El ciudadano tiene el derecho (casi que la obligación moral) de tener conocimiento de las intenciones, los objetivos, los procedimientos y las consecuencias de aquellas acciones que articulan a diario sus representantes políticos en su nombre. Es propio de estados totalitarios censurar el acceso de la ciudadanía a la información y mina sin paliativos el principio fundamental de soberanía popular que preside cualquier régimen democrático. Por otro lado, el periodismo posee también límites y condiciones que debe respetar si desea seguir manteniendo su legitimidad ante la ciudadanía a la que sirve, huyendo tanto del clientelismo como de la banalización de sus contenidos.
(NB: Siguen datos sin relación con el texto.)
(* Let $w$ be a decreasing weight on $(0,\infty)$. Then $w\in B_1$ if and only if for every $1<q<\infty$ there exists a weight $w_q$ satisfying $\big(\int_0^r w\big)^q\approx\int_0^r w_q(x)\,dx+r^q\int_r^\infty w_q(x)x^{-q}\,dx$ for all $r>0$ (constants independent of $r$) and such that $\Gamma^{1,q}(w)=\Gamma^q(w_q)$.
   Context: A weight is a nonnegative locally integrable measurable function on $(0,\infty)$; "decreasing" means nonincreasing; $W(t)=\int_0^t w$. For a measurable function $f$ on $\mathbb{R}^n$, $f^*$ is its decreasing rearrangement and $f^{**}(t)=\frac1t\int_0^t f^*(s)\,ds$. $\|f\|_{\Gamma^{1,q}(w)}=\big(\int_0^\infty (f^{**})^qW^{q-1}w\big)^{1/q}$ and $\|f\|_{\Gamma^q(u)}=\big(\int_0^\infty (f^{**})^q u\big)^{1/q}$, each space consisting of the $f$ with finite quantity; $X=Y$ means they coincide with equivalent norms. $w\in B_1$ means there is $C$ with $\int_r^\infty\frac{w(s)}{s}\,ds\le\frac Cr\int_0^r w(s)\,ds$ for all $r>0$. *)

theory Defs
  imports "HOL-Analysis.Analysis"
begin

definition weight :: "(real \<Rightarrow> real) \<Rightarrow> bool" where
  "weight w \<longleftrightarrow> (\<forall>t>0. 0 \<le> w t) \<and> set_borel_measurable lborel {0<..} w \<and>
     (\<forall>t>0. set_integrable lborel {0<..t} w)"

definition decreasing_weight :: "(real \<Rightarrow> real) \<Rightarrow> bool" where
  "decreasing_weight w \<longleftrightarrow> weight w \<and> (\<forall>s t. 0 < s \<longrightarrow> s \<le> t \<longrightarrow> w t \<le> w s)"

definition Wprim :: "(real \<Rightarrow> real) \<Rightarrow> real \<Rightarrow> real" where
  "Wprim w t = (LINT s:{0<..t}|lborel. w s)"

definition B1 :: "(real \<Rightarrow> real) \<Rightarrow> bool" where
  "B1 w \<longleftrightarrow> (\<exists>C::real. \<forall>r>0.
      (\<integral>\<^sup>+ s\<in>{r<..}. ennreal (w s / s) \<partial>lborel) \<le> ennreal (C / r * Wprim w r))"

text \<open>Real powers on extended nonnegative reals (used with positive exponents only).\<close>
definition enn_powr :: "ennreal \<Rightarrow> real \<Rightarrow> ennreal" where
  "enn_powr x p = (if x = \<infinity> then \<infinity> else ennreal (enn2real x powr p))"

definition drearr :: "('a::euclidean_space \<Rightarrow> real) \<Rightarrow> real \<Rightarrow> ennreal" where
  "drearr f t = Inf {s::ennreal. emeasure lebesgue {x. s < ennreal \<bar>f x\<bar>} \<le> ennreal t}"

definition dmax :: "('a::euclidean_space \<Rightarrow> real) \<Rightarrow> real \<Rightarrow> ennreal" where
  "dmax f t = ennreal (1 / t) * (\<integral>\<^sup>+ s\<in>{0<..<t}. drearr f s \<partial>lborel)"

definition Gamma1q_norm :: "(real \<Rightarrow> real) \<Rightarrow> real \<Rightarrow> ('a::euclidean_space \<Rightarrow> real) \<Rightarrow> ennreal" where
  "Gamma1q_norm w q f = enn_powr
     (\<integral>\<^sup>+ t\<in>{0<..}. enn_powr (dmax f t) q * ennreal (Wprim w t powr (q - 1) * w t) \<partial>lborel) (1 / q)"

definition Gammaq_norm :: "(real \<Rightarrow> real) \<Rightarrow> real \<Rightarrow> ('a::euclidean_space \<Rightarrow> real) \<Rightarrow> ennreal" where
  "Gammaq_norm u q f = enn_powr
     (\<integral>\<^sup>+ t\<in>{0<..}. enn_powr (dmax f t) q * ennreal (u t) \<partial>lborel) (1 / q)"

definition Gamma1q :: "(real \<Rightarrow> real) \<Rightarrow> real \<Rightarrow> ('a::euclidean_space \<Rightarrow> real) set" where
  "Gamma1q w q = {f \<in> borel_measurable lebesgue. Gamma1q_norm w q f < \<infinity>}"

definition Gammaq :: "(real \<Rightarrow> real) \<Rightarrow> real \<Rightarrow> ('a::euclidean_space \<Rightarrow> real) set" where
  "Gammaq u q = {f \<in> borel_measurable lebesgue. Gammaq_norm u q f < \<infinity>}"

definition Gamma_spaces_eq :: "'a::euclidean_space itself \<Rightarrow> (real \<Rightarrow> real) \<Rightarrow> real \<Rightarrow> (real \<Rightarrow> real) \<Rightarrow> bool" where
  "Gamma_spaces_eq _ w q u \<longleftrightarrow>
     (Gamma1q w q :: ('a \<Rightarrow> real) set) = Gammaq u q \<and>
     (\<exists>c C. 0 < c \<and> 0 < C \<and> (\<forall>f \<in> (Gamma1q w q :: ('a \<Rightarrow> real) set).
        ennreal c * Gammaq_norm u q f \<le> Gamma1q_norm w q f \<and>
        Gamma1q_norm w q f \<le> ennreal C * Gammaq_norm u q f))"

definition level_equiv :: "(real \<Rightarrow> real) \<Rightarrow> real \<Rightarrow> (real \<Rightarrow> real) \<Rightarrow> bool" where
  "level_equiv w q u \<longleftrightarrow> (\<exists>c C. 0 < c \<and> 0 < C \<and> (\<forall>r>0.
     ennreal c * (ennreal (Wprim u r) + ennreal (r powr q) *
        (\<integral>\<^sup>+ x\<in>{r<..}. ennreal (u x * x powr (- q)) \<partial>lborel)) \<le> ennreal (Wprim w r powr q) \<and>
     ennreal (Wprim w r powr q) \<le> ennreal C * (ennreal (Wprim u r) + ennreal (r powr q) *
        (\<integral>\<^sup>+ x\<in>{r<..}. ennreal (u x * x powr (- q)) \<partial>lborel))))"

end

(*
  Forward direction: take w_q = W^(q-1) w. The norms of Gamma^(1,q)(w) and Gamma^q(w_q) then
  coincide by definition, and the level equivalence reduces to two estimates. The local part
  int_0^r W^(q-1) w is comparable to W(r)^q for every weight: choosing s with W(s) = W(r)/2
  (W is continuous) gives the lower bound. The tail r^q int_r^oo W^(q-1)(x) w(x) x^(-q) dx is
  at most (W(r)/r)^(q-1) r^q int_r^oo w(x)/x dx, because W(x)/x decreases when w does; by B1
  this is O(W(r)^q).

  Converse: test the norm equivalence (for a single q, say q = 2) on characteristic functions
  of sets of measure a, for which f**(t) = min(1, a/t). This gives
  int_a^oo W^(q-1)(t) w(t) t^(-q) dt = O((W(a)/a)^q). If W(t)/t did not halve between x and
  L x, every block (c, 4c] in that range would contribute a fixed multiple of (W(x)/x)^q to
  this integral; hence for L = 4^m with m large, W(Lx)/(Lx) <= W(x)/(2x). Summing
  int w(t)/t dt over the blocks (L^n r, L^(n+1) r] gives the geometric bound
  int_r^oo w(t)/t dt <= 2 L W(r)/r, which is B1.
*)
theory Submission
  imports Defs "HOL-Probability.Probability_Mass_Function"
begin

lemma powr_diff_one_mult_self: "0 \<le> (x::real) \<Longrightarrow> x powr (q - 1) * x = x powr q"
  using powr_add[of x "q - 1" 1] by simp

section \<open>Integrals of weights\<close>

text \<open>A weight is only measurable on (0,oo); integrands over subsets of (0,oo) are made
  globally measurable through its extension by zero.\<close>

lemma weight_zero_extension_measurable [measurable]:
  assumes "weight w"
  shows "(\<lambda>x. indicator {0<..} x *\<^sub>R w x) \<in> borel_measurable borel"
  using assms unfolding weight_def set_borel_measurable_def by auto

lemma weight_mult_indicator_measurable:
  assumes "weight w" and [measurable]: "h \<in> borel_measurable borel" "A \<in> sets borel"
    and "A \<subseteq> {0<..}"
  shows "(\<lambda>x. ennreal (h x * w x) * indicator A x) \<in> borel_measurable lborel"
proof -
  have "(\<lambda>x. ennreal (h x * w x) * indicator A x) =
        (\<lambda>x. ennreal (h x * (indicator {0<..} x *\<^sub>R w x)) * indicator A x)"
    using \<open>A \<subseteq> {0<..}\<close> by (auto simp: fun_eq_iff split: split_indicator)
  also have "\<dots> \<in> borel_measurable lborel"
    using \<open>weight w\<close> by measurable
  finally show ?thesis .
qed

lemma weight_indicator_measurable:
  assumes "weight w" "A \<in> sets borel" "A \<subseteq> {0<..}"
  shows "(\<lambda>x. ennreal (w x) * indicator A x) \<in> borel_measurable lborel"
  using weight_mult_indicator_measurable[OF assms(1) _ assms(2,3), of "\<lambda>_. 1"] by simp

lemma nn_integral_Ioc_split:
  fixes g :: "real \<Rightarrow> ennreal"
  assumes "a \<le> b" "b \<le> c" and [measurable]: "(\<lambda>x. g x * indicator {a<..c} x) \<in> borel_measurable lborel"
  shows "(\<integral>\<^sup>+x\<in>{a<..c}. g x \<partial>lborel) = (\<integral>\<^sup>+x\<in>{a<..b}. g x \<partial>lborel) + (\<integral>\<^sup>+x\<in>{b<..c}. g x \<partial>lborel)"
proof -
  let ?g = "\<lambda>x. g x * indicator {a<..c} x"
  have "(\<integral>\<^sup>+x\<in>{a<..c}. g x \<partial>lborel) =
        (\<integral>\<^sup>+x. ?g x * indicator {a<..b} x + ?g x * indicator {b<..c} x \<partial>lborel)"
    using assms(1,2) by (intro nn_integral_cong) (auto split: split_indicator)
  also have "\<dots> = (\<integral>\<^sup>+x\<in>{a<..b}. ?g x \<partial>lborel) + (\<integral>\<^sup>+x\<in>{b<..c}. ?g x \<partial>lborel)"
    by (rule nn_integral_add) auto
  also have "\<dots> = (\<integral>\<^sup>+x\<in>{a<..b}. g x \<partial>lborel) + (\<integral>\<^sup>+x\<in>{b<..c}. g x \<partial>lborel)"
    using assms(1,2) by (intro arg_cong2[where f = "(+)"] nn_integral_cong) (auto split: split_indicator)
  finally show ?thesis .
qed

lemma nn_integral_incseq_UN:
  assumes [measurable]: "f \<in> borel_measurable M" "range A \<subseteq> sets M" and "incseq A"
  shows "(\<integral>\<^sup>+x\<in>(\<Union>n. A n). f x \<partial>M) = (SUP n. \<integral>\<^sup>+x\<in>A n. f x \<partial>M)"
proof -
  have "range A \<subseteq> sets (density M f)" using assms(2) by simp
  from SUP_emeasure_incseq[OF this \<open>incseq A\<close>] show ?thesis
    using assms(2) by (simp add: emeasure_density sets.countable_UN' subset_eq)
qed

lemma Wprim_nonpos: "t \<le> 0 \<Longrightarrow> Wprim w t = 0"
  by (simp add: Wprim_def set_lebesgue_integral_def)

lemma Wprim_nonneg:
  assumes "weight w" shows "0 \<le> Wprim w t"
  using assms unfolding Wprim_def weight_def set_lebesgue_integral_def
  by (intro Bochner_Integration.integral_nonneg) (auto split: split_indicator)

lemma ennreal_Wprim:
  assumes "weight w"
  shows "ennreal (Wprim w t) = (\<integral>\<^sup>+x\<in>{0<..t}. ennreal (w x) \<partial>lborel)"
proof (cases "t > 0")
  case True
  have "(\<integral>\<^sup>+x\<in>{0<..t}. ennreal (w x) \<partial>lborel) = (\<integral>\<^sup>+x. ennreal (indicator {0<..t} x *\<^sub>R w x) \<partial>lborel)"
    by (intro nn_integral_cong) (auto split: split_indicator)
  also have "\<dots> = ennreal (Wprim w t)"
    using assms True unfolding Wprim_def set_lebesgue_integral_def weight_def set_integrable_def
    by (intro nn_integral_eq_integral) (auto split: split_indicator)
  finally show ?thesis ..
qed (simp add: Wprim_nonpos)

lemma
  assumes "weight w" "0 \<le> a" "a \<le> b"
  shows nn_integral_weight_Ioc: "(\<integral>\<^sup>+x\<in>{a<..b}. ennreal (w x) \<partial>lborel) = ennreal (Wprim w b - Wprim w a)"
    and Wprim_mono_nonneg: "Wprim w a \<le> Wprim w b"
proof -
  have "(\<lambda>x. ennreal (w x) * indicator {0<..b} x) \<in> borel_measurable lborel"
    by (rule weight_indicator_measurable) (use assms in auto)
  then have split: "ennreal (Wprim w b) = ennreal (Wprim w a) + (\<integral>\<^sup>+x\<in>{a<..b}. ennreal (w x) \<partial>lborel)"
    using assms ennreal_Wprim[OF assms(1)] nn_integral_Ioc_split[OF assms(2,3)] by simp
  with Wprim_nonneg[OF assms(1)]
  show "(\<integral>\<^sup>+x\<in>{a<..b}. ennreal (w x) \<partial>lborel) = ennreal (Wprim w b - Wprim w a)"
    by (metis ennreal_add_diff_cancel_left ennreal_minus ennreal_neq_top)
  from split have "ennreal (Wprim w a) \<le> ennreal (Wprim w b)"
    by simp
  with Wprim_nonneg[OF assms(1)] show "Wprim w a \<le> Wprim w b"
    by simp
qed

lemma Wprim_mono:
  assumes "weight w" "s \<le> t" shows "Wprim w s \<le> Wprim w t"
  using assms Wprim_mono_nonneg[OF assms(1)] Wprim_nonneg[OF assms(1)] Wprim_nonpos[of s w]
  by (cases "s \<le> 0") auto

lemma borel_measurable_Wprim [measurable]:
  assumes "weight w" shows "Wprim w \<in> borel_measurable borel"
  by (rule borel_measurable_mono) (auto simp: mono_def intro: Wprim_mono[OF assms])
(* Let $n,k$ be positive integers and let $\mathscr{K}_{n,k}$ be the family of all graphs with at most $n$ vertices that are disjoint unions of cliques, each clique having at most $k$ vertices. Then \[ \mathscr{U}(\mathscr{K}_{n,k}) ~=~ \sum_{i=1}^k \left\lfloor \frac{n}{i} \right\rfloor ~\ge~ (n+1)\ln(k+1) - k . \]
   Context: All graphs are finite and simple. A graph $U$ is an induced-universal graph for a family $\mathscr{F}$ of graphs if every graph of $\mathscr{F}$ is isomorphic to an induced subgraph of $U$. $\mathscr{U}(\mathscr{F})$ denotes the smallest number of vertices of an induced-universal graph for $\mathscr{F}$. *)

theory Defs
  imports Complex_Main
begin

type_synonym 'a graph = "'a set \<times> ('a \<times> 'a) set"

definition verts :: "'a graph \<Rightarrow> 'a set" where "verts G = fst G"
definition edges :: "'a graph \<Rightarrow> ('a \<times> 'a) set" where "edges G = snd G"

definition simple_graph :: "'a graph \<Rightarrow> bool" where
  "simple_graph G \<longleftrightarrow> finite (verts G) \<and> edges G \<subseteq> verts G \<times> verts G
     \<and> sym (edges G) \<and> (\<forall>x. (x, x) \<notin> edges G)"

definition induced_embedding :: "('a \<Rightarrow> 'b) \<Rightarrow> 'a graph \<Rightarrow> 'b graph \<Rightarrow> bool" where
  "induced_embedding f G U \<longleftrightarrow> inj_on f (verts G) \<and> f ` verts G \<subseteq> verts U
     \<and> (\<forall>x\<in>verts G. \<forall>y\<in>verts G. (x, y) \<in> edges G \<longleftrightarrow> (f x, f y) \<in> edges U)"

definition induced_universal :: "'b graph \<Rightarrow> 'a graph set \<Rightarrow> bool" where
  "induced_universal U F \<longleftrightarrow> simple_graph U \<and> (\<forall>G\<in>F. \<exists>f. induced_embedding f G U)"

text \<open>Smallest number of vertices of an induced-universal graph for F
  (vertex type nat suffices, since every finite graph is isomorphic to one on nat).\<close>
definition univ_number :: "'a graph set \<Rightarrow> nat" where
  "univ_number F = (LEAST m. \<exists>U :: nat graph. induced_universal U F \<and> card (verts U) = m)"

text \<open>The closed neighbourhood of x, i.e. its clique in a disjoint union of cliques.\<close>
definition closed_nbhd :: "'a graph \<Rightarrow> 'a \<Rightarrow> 'a set" where
  "closed_nbhd G x = {y \<in> verts G. y = x \<or> (x, y) \<in> edges G}"

definition union_of_cliques :: "'a graph \<Rightarrow> bool" where
  "union_of_cliques G \<longleftrightarrow> (\<forall>x y z. (x, y) \<in> edges G \<longrightarrow> (y, z) \<in> edges G \<longrightarrow> x \<noteq> z
       \<longrightarrow> (x, z) \<in> edges G)"

text \<open>The family K_{n,k} (graphs up to isomorphism, represented on vertex type nat).\<close>
definition K_family :: "nat \<Rightarrow> nat \<Rightarrow> nat graph set" where
  "K_family n k = {G. simple_graph G \<and> card (verts G) \<le> n \<and> union_of_cliques G
       \<and> (\<forall>x\<in>verts G. card (closed_nbhd G x) \<le> k)}"

end

theory Submission
  imports Defs "HOL-Library.Countable" "HOL-Analysis.Harmonic_Numbers"
begin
WikiLeaks supone un aire fresco para el periodismo moderno. Recupera su concepción de mediador ante la ciudadanía contra los excesos del poder político y pone el acento en la importancia del ciudadano como verdadero protagonista de nuestras democracias. Bajo este prisma, ningún político está a salvo de ser atentamente observado y evaluado por la ciudadanía. El poder otorgado por ésta durante cuatro años no va acompañado de una licencia especial para usarlo saltándose las reglas democráticas o mintiendo acerca de sus intenciones. Es más, cualquier ciudadano está legitimado moralmente a hacer público documentos privados de su empresa o institución para la que trabaje, si con ello cree poner de manifiesto irregularidades o delitos ocultos que atentan contra principios fundamentales o ponen en peligro no solo la integridad de terceros, sino que también obvian sin pudor la responsabilidad a la que se debe todo funcionario público. El fenómeno WikiLeaks nos recuerda que el poder nunca dejó de estar en nosotros, los ciudadanos. Simplemente lo olvidamos.
Ramón Besonías Román
Desde luego Assange no es otra cosa que un perseguido político en nuestros "modernos y civilizados" estados. Y lo que más temen los poderosos es una ciudadanía bien informada. Temen, como en la novela, una epidemia de lucidez.